[Exercise goal]:
Only one stretch of the data below is wanted: the lines from the one with "with zero show" through the one with "(* Let $\rho$", repeated exactly.

[Stored data Boundary: Start]

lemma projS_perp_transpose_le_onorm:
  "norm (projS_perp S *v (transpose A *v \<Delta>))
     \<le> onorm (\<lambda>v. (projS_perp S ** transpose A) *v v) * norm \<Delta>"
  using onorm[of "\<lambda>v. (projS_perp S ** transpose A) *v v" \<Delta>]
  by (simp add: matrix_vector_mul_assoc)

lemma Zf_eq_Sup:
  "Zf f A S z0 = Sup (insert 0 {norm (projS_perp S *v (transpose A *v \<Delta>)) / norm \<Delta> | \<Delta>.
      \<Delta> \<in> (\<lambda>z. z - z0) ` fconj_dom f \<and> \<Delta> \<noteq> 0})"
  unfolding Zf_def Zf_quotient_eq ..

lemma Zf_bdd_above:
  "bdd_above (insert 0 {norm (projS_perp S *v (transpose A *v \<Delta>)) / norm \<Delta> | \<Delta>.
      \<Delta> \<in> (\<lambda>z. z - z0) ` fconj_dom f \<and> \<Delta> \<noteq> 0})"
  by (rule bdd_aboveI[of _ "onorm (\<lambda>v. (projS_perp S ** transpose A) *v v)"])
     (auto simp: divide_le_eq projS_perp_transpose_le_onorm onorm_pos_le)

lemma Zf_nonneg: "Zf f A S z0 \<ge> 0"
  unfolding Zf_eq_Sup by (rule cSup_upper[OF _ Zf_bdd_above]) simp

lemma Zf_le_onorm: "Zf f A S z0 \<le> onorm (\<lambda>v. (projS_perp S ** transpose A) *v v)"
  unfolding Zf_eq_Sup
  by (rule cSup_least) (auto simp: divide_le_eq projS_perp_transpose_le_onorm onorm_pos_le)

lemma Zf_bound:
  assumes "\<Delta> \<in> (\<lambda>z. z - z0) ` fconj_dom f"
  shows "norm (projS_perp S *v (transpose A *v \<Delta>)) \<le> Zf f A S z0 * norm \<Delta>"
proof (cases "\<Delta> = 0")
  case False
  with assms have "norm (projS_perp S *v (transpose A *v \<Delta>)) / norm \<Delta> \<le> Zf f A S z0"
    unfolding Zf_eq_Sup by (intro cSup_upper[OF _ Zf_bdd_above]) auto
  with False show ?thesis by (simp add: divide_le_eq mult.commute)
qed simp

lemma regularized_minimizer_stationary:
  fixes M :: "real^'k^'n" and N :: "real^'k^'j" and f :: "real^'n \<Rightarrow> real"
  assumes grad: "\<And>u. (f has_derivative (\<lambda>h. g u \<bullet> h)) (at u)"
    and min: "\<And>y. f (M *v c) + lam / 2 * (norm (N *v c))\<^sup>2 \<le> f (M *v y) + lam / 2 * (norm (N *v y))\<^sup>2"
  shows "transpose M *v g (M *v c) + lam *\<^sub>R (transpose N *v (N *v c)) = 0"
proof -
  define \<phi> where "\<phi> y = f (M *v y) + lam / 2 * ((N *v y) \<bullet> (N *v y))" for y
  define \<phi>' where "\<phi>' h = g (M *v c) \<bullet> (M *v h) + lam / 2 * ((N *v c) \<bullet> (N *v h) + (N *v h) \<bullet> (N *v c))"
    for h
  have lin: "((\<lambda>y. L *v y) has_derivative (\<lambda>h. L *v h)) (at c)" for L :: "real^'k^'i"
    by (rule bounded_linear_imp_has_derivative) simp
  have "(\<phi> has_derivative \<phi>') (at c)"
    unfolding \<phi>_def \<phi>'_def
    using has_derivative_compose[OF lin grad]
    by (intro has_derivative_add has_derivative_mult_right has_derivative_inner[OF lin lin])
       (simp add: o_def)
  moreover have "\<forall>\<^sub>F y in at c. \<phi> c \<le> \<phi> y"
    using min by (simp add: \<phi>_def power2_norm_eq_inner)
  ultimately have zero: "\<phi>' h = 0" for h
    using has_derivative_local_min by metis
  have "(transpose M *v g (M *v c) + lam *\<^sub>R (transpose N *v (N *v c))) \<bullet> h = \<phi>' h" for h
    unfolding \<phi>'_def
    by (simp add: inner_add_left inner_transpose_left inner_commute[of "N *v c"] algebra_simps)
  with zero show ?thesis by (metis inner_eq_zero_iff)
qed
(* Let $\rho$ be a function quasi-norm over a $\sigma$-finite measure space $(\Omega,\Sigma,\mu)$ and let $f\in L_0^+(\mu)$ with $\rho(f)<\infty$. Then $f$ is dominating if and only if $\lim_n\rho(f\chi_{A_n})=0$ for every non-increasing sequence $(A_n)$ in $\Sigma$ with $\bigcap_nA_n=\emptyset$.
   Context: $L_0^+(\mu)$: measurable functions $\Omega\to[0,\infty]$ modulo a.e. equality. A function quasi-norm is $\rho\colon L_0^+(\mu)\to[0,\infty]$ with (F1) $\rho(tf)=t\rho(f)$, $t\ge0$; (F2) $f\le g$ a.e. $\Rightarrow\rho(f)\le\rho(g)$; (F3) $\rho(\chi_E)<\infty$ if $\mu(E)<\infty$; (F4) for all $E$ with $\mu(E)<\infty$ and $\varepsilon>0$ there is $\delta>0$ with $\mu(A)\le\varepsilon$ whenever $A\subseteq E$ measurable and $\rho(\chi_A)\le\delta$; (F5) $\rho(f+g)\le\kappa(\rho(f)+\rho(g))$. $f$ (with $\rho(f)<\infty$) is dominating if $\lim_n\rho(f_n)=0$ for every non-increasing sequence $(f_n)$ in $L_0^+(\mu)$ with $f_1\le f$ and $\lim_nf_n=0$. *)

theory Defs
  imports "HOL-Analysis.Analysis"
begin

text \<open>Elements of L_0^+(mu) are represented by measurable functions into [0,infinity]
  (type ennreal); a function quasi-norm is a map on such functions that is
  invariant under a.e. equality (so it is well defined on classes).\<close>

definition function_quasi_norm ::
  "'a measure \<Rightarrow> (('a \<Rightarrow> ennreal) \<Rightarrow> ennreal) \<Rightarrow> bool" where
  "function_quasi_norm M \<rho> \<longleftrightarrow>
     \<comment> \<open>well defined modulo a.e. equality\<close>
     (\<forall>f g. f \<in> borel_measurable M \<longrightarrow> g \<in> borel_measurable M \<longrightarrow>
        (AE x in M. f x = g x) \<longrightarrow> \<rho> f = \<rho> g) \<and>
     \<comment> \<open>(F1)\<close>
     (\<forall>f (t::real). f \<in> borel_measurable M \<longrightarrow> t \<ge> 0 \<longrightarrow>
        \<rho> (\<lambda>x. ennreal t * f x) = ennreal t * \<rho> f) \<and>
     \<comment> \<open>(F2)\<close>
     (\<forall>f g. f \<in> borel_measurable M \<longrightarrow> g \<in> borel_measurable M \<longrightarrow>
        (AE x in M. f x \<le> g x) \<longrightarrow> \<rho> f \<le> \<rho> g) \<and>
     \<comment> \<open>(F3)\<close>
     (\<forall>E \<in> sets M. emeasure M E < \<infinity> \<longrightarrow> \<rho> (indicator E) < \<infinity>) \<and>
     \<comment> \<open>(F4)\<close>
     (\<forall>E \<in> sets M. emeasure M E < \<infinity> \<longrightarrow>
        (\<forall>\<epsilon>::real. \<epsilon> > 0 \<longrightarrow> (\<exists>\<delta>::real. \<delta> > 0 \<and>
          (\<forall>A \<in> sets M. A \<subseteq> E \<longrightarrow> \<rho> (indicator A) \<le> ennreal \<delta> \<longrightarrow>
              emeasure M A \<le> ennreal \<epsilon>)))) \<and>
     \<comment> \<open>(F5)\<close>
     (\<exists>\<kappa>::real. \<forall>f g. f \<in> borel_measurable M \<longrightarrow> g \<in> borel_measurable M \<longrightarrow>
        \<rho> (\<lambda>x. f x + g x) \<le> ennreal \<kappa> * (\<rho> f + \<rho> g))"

[Stored data Boundary: End]

[Written response]:
  with zero show ?thesis by (metis inner_eq_zero_iff)
qed
(* Let $\rho$ be a function quasi-norm over a $\sigma$-finite measure space $(\Omega,\Sigma,\mu)$ and let $f\in L_0^+(\mu)$ with $\rho(f)<\infty$. Then $f$ is dominating if and only if $\lim_n\rho(f\chi_{A_n})=0$ for every non-increasing sequence $(A_n)$ in $\Sigma$ with $\bigcap_nA_n=\emptyset$.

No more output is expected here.